I'm honestly more worried about how I will potentially be completely ostracized from extended family, and worried about the emotional ramifications if they end up getting a divorce, or if he doesn't believe me and they refuse to respect my wishes and come to my graduation anyways. They know my address... and could in theory just show up at my door (though that would be out of character).

@all4peace: Thanks for your reply, and sharing about your story as well, I'm sending support your way. Also thank you for your suggestion on phrasing, that will be really helpful.

My relationship with my parents is very limited. I am somewhat financially dependent on them still, but have enough to support myself until I get a job in May or June.  I rarely call them. I did not visit them for the holidays this year, and its been over a year since I last saw them in person. (At that time, at then end of only 4 days, my M was breaching physical boundaries). My dad is not aware of the sexual abuse,  but he is aware of the emotional abuse and its impact. In November, I disclosed to him that I ended up in a psych hospital in large part due to the abuse by my M. He told her the next day, and they have avoided the conversation, acted like it was something that could easily be fixed, and pretend I never mentioned it. Lately he chooses to act like it was already fixed and solved.
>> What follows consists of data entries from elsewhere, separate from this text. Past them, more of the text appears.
(* Let $P$ be an $r$-differential poset and $P'$ an $r'$-differential poset, and let $p''_n$ be the number of rank-$n$ elements of the Cartesian product $P\times P'$ (with $p''_k=0$ for $k<0$ and $\Delta p''_n=p''_n-p''_{n-1}$). Then for every $n\ge1$ and $1\le j\le n$ one has $\Delta p''_n\ge \Delta p''_{n-j}$; that is, $\Delta p''_1\le\Delta p''_2\le\cdots$.
   Context: An $r$-differential poset ($r$ a positive integer) is a graded poset with a minimum element, finite intervals and finite rank sets, such that an element covering exactly $m$ elements is covered by exactly $m+r$ elements, and two distinct elements that both cover exactly $m$ common elements are both covered by exactly $m$ common elements. The Cartesian product $P\times P'$ carries the componentwise order and rank function equal to the sum of ranks; it is an $(r+r')$-differential poset. *)

theory Defs
  imports Main
begin

definition poset_on :: "'a set \<Rightarrow> ('a \<Rightarrow> 'a \<Rightarrow> bool) \<Rightarrow> bool" where
  "poset_on P le \<longleftrightarrow>
     (\<forall>x\<in>P. le x x) \<and>
     (\<forall>x\<in>P. \<forall>y\<in>P. le x y \<and> le y x \<longrightarrow> x = y) \<and>
     (\<forall>x\<in>P. \<forall>y\<in>P. \<forall>z\<in>P. le x y \<and> le y z \<longrightarrow> le x z)"

definition covers :: "'a set \<Rightarrow> ('a \<Rightarrow> 'a \<Rightarrow> bool) \<Rightarrow> 'a \<Rightarrow> 'a \<Rightarrow> bool" where
  "covers P le x y \<longleftrightarrow> x \<in> P \<and> y \<in> P \<and> le x y \<and> x \<noteq> y \<and>
     \<not> (\<exists>z\<in>P. le x z \<and> le z y \<and> z \<noteq> x \<and> z \<noteq> y)"

definition graded_locfin_poset :: "'a set \<Rightarrow> ('a \<Rightarrow> 'a \<Rightarrow> bool) \<Rightarrow> ('a \<Rightarrow> nat) \<Rightarrow> bool" where
  "graded_locfin_poset P le rk \<longleftrightarrow>
     poset_on P le \<and>
     (\<exists>z\<in>P. (\<forall>x\<in>P. le z x) \<and> rk z = 0) \<and>
     (\<forall>x y. covers P le x y \<longrightarrow> rk y = rk x + 1) \<and>
     (\<forall>x\<in>P. \<forall>y\<in>P. finite {z\<in>P. le x z \<and> le z y}) \<and>
     (\<forall>n. finite {x\<in>P. rk x = n})"

definition differential_poset ::
  "'a set \<Rightarrow> ('a \<Rightarrow> 'a \<Rightarrow> bool) \<Rightarrow> ('a \<Rightarrow> nat) \<Rightarrow> nat \<Rightarrow> bool" where
  "differential_poset P le rk r \<longleftrightarrow>
     r > 0 \<and> graded_locfin_poset P le rk \<and>
     (\<forall>x\<in>P. \<forall>m. card {y. covers P le y x} = m \<longrightarrow>
          finite {y. covers P le x y} \<and> card {y. covers P le x y} = m + r) \<and>
     (\<forall>x\<in>P. \<forall>y\<in>P. \<forall>m. x \<noteq> y \<and>
          card {z. covers P le z x \<and> covers P le z y} = m \<longrightarrow>
          finite {z. covers P le x z \<and> covers P le y z} \<and>
          card {z. covers P le x z \<and> covers P le y z} = m)"

definition prod_le :: "('a \<Rightarrow> 'a \<Rightarrow> bool) \<Rightarrow> ('b \<Rightarrow> 'b \<Rightarrow> bool) \<Rightarrow> 'a \<times> 'b \<Rightarrow> 'a \<times> 'b \<Rightarrow> bool" where
  "prod_le le le' u v \<longleftrightarrow> le (fst u) (fst v) \<and> le' (snd u) (snd v)"

definition prod_rk :: "('a \<Rightarrow> nat) \<Rightarrow> ('b \<Rightarrow> nat) \<Rightarrow> 'a \<times> 'b \<Rightarrow> nat" where
  "prod_rk rk rk' u = rk (fst u) + rk' (snd u)"

definition rank_count :: "'a set \<Rightarrow> ('a \<Rightarrow> nat) \<Rightarrow> int \<Rightarrow> int" where
  "rank_count P rk n = (if n < 0 then 0 else int (card {x\<in>P. rk x = nat n}))"

definition delta_rank_count :: "'a set \<Rightarrow> ('a \<Rightarrow> nat) \<Rightarrow> int \<Rightarrow> int" where
  "delta_rank_count P rk n = rank_count P rk n - rank_count P rk (n - 1)"

end

theory Submission
  imports Defs Complex_Main "HOL-Library.Function_Algebras"
begin

text \<open>Let \<open>U\<close> be the up operator sending an element to the sum of the elements covering it,
  and \<open>D\<close> its adjoint. The defining relations of an \<open>r\<close>-differential poset say \<open>DU = UD + rI\<close>,
  so for a vector \<open>c\<close> on rank \<open>n\<close> we get \<open>\<parallel>Uc\<parallel>\<^sup>2 = \<parallel>Dc\<parallel>\<^sup>2 + r\<parallel>c\<parallel>\<^sup>2\<close>. Hence \<open>U\<close> is injective
  from rank \<open>n\<close> to rank \<open>n + 1\<close> and the rank sizes \<open>p\<^sub>n\<close> are weakly increasing.
  The rank sizes of \<open>P \<times> P'\<close> form the convolution \<open>p \<star> p'\<close>, and \<open>\<Delta>(p \<star> p') = \<Delta>p \<star> p'\<close>.
  A convolution of a nonnegative sequence with a nonnegative nondecreasing one is nondecreasing.\<close>

definition fun_scale :: "real \<Rightarrow> ('b \<Rightarrow> real) \<Rightarrow> 'b \<Rightarrow> real" where
  "fun_scale c f = (\<lambda>x. c * f x)"

interpretation fun_vs: vector_space fun_scale
  by unfold_locales (simp_all add: fun_scale_def fun_eq_iff distrib_left distrib_right)

lemma sum_fun_apply: "(sum f A) x = (\<Sum>a\<in>A. f a x)" for f :: "'i \<Rightarrow> 'b \<Rightarrow> real"
  by (induction A rule: infinite_finite_induct) auto

lemma inj_on_if_scalars_zero:
  fixes M :: "'a \<Rightarrow> 'b \<Rightarrow> real"
  assumes "finite S"
    and ker: "\<And>c. \<forall>y. (\<Sum>s\<in>S. c s * M s y) = 0 \<Longrightarrow> \<forall>s\<in>S. c s = 0"
  shows "inj_on M S"
proof (rule inj_onI, rule ccontr)
  fix s s' assume s: "s \<in> S" "s' \<in> S" "M s = M s'" "s \<noteq> s'"
  define c where "c x = (if x = s then (1::real) else if x = s' then -1 else 0)" for x
  have "\<forall>y. (\<Sum>x\<in>S. c x * M x y) = 0"
  proof
    fix y
    have "(\<Sum>x\<in>S. c x * M x y)
        = (\<Sum>x\<in>S. (if x = s then M s y else 0) - (if x = s' then M s' y else 0))"
      by (rule sum.cong) (use s(4) in \<open>auto simp: c_def\<close>)
    also have "\<dots> = 0" using s \<open>finite S\<close> by (simp add: sum_subtractf)
    finally show "(\<Sum>x\<in>S. c x * M x y) = 0" .
  qed
  from ker[OF this] s show False by (auto simp: c_def)
qed

lemma independent_image_if_scalars_zero:
  fixes M :: "'a \<Rightarrow> 'b \<Rightarrow> real"
  assumes "finite S" and inj: "inj_on M S"
    and ker: "\<And>c. \<forall>y. (\<Sum>s\<in>S. c s * M s y) = 0 \<Longrightarrow> \<forall>s\<in>S. c s = 0"
  shows "fun_vs.independent (M ` S)"
proof (rule fun_vs.independent_if_scalars_zero)
  show "finite (M ` S)" using \<open>finite S\<close> by simp
  fix f x assume h: "(\<Sum>v\<in>M ` S. fun_scale (f v) v) = 0" and x: "x \<in> M ` S"
  have "(\<Sum>s\<in>S. fun_scale (f (M s)) (M s)) = 0"
    using h by (simp add: sum.reindex[OF inj])
  then have "\<forall>y. (\<Sum>s\<in>S. f (M s) * M s y) = 0"
    by (simp add: fun_eq_iff sum_fun_apply fun_scale_def)
  from ker[OF this] x show "f x = 0" by auto
qed

lemma span_indicators_if_supported:
  fixes M :: "'a \<Rightarrow> 'b \<Rightarrow> real"
  assumes "finite T" and supp: "\<And>s y. s \<in> S \<Longrightarrow> M s y \<noteq> 0 \<Longrightarrow> y \<in> T"
  shows "M ` S \<subseteq> fun_vs.span ((\<lambda>t y. if y = t then 1 else 0) ` T)"
proof
  fix v assume "v \<in> M ` S"
  then obtain s where s: "s \<in> S" "v = M s" by auto
  let ?e = "\<lambda>t y. if y = t then (1::real) else 0"
  have "M s = (\<Sum>t\<in>T. fun_scale (M s t) (?e t))"
  proof
    fix y
    have "(\<Sum>t\<in>T. fun_scale (M s t) (?e t)) y = (\<Sum>t\<in>T. if y = t then M s t else 0)"
      unfolding sum_fun_apply fun_scale_def by (rule sum.cong) auto
    also have "\<dots> = M s y" using supp[OF s(1), of y] \<open>finite T\<close> by (cases "y \<in> T") auto
    finally show "M s y = (\<Sum>t\<in>T. fun_scale (M s t) (?e t)) y" by simp
  qed
  also have "\<dots> \<in> fun_vs.span (?e ` T)"
    by (intro fun_vs.span_sum fun_vs.span_scale fun_vs.span_base) simp
  finally show "v \<in> fun_vs.span (?e ` T)" using s by simp
qed

lemma card_le_if_scalars_zero:
  fixes M :: "'a \<Rightarrow> 'b \<Rightarrow> real"
  assumes "finite S" "finite T"
    and supp: "\<And>s y. s \<in> S \<Longrightarrow> M s y \<noteq> 0 \<Longrightarrow> y \<in> T"
    and ker: "\<And>c. \<forall>y. (\<Sum>s\<in>S. c s * M s y) = 0 \<Longrightarrow> \<forall>s\<in>S. c s = 0"
  shows "card S \<le> card T"
proof -
  let ?e = "\<lambda>t y. if y = t then (1::real) else 0"
  have inj: "inj_on M S" using \<open>finite S\<close> ker by (rule inj_on_if_scalars_zero)
  have "card (M ` S) \<le> card (?e ` T)"
    using fun_vs.independent_span_bound[OF _ independent_image_if_scalars_zero[OF \<open>finite S\<close> inj ker]
        span_indicators_if_supported[OF \<open>finite T\<close> supp]] \<open>finite T\<close>
    by simp
  also have "\<dots> \<le> card T" using \<open>finite T\<close> card_image_le by blast
  finally show ?thesis using card_image[OF inj] by simp
qed

lemma sum_square_linear_combination:
  fixes c :: "'a \<Rightarrow> real" and M :: "'a \<Rightarrow> 'b \<Rightarrow> real"
  shows "(\<Sum>y\<in>T. (\<Sum>s\<in>S. c s * M s y)\<^sup>2)
       = (\<Sum>s\<in>S. \<Sum>s'\<in>S. c s * c s' * (\<Sum>y\<in>T. M s y * M s' y))"
proof -
  have "(\<Sum>y\<in>T. (\<Sum>s\<in>S. c s * M s y)\<^sup>2)
      = (\<Sum>y\<in>T. \<Sum>s\<in>S. \<Sum>s'\<in>S. c s * c s' * (M s y * M s' y))"
    by (simp add: power2_eq_square sum_product algebra_simps)
  also have "\<dots> = (\<Sum>s\<in>S. \<Sum>s'\<in>S. \<Sum>y\<in>T. c s * c s' * (M s y * M s' y))"
    by (subst sum.swap) (rule sum.cong[OF refl], rule sum.swap)
  also have "\<dots> = (\<Sum>s\<in>S. \<Sum>s'\<in>S. c s * c s' * (\<Sum>y\<in>T. M s y * M s' y))"
    by (simp add: sum_distrib_left)
  finally show ?thesis .
qed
I think I'm leaning towards telling my F, I'm really scared, but I don't want her in my life, period. It's reaching the point where I feel sick thinking about her meeting my advisors, friends, and peers. I have started over with my life in grad school, and I don't want her included in it. And if that means losing him, I'll be sad, but I'm ok with that. I will then just invest more time with my found family of artists and friends. I think telling him what happened and breaking the silence is the best way forward for me.

My biggest concern is if after telling him, they do not respect my wish, and still come out to visit. I don't know what to do for my own emotional safety. I will likely reach out to the support on my campus and ask if there are measures I could take if this becomes a possibility to help put my mind at ease.

Thanks again for all of your support.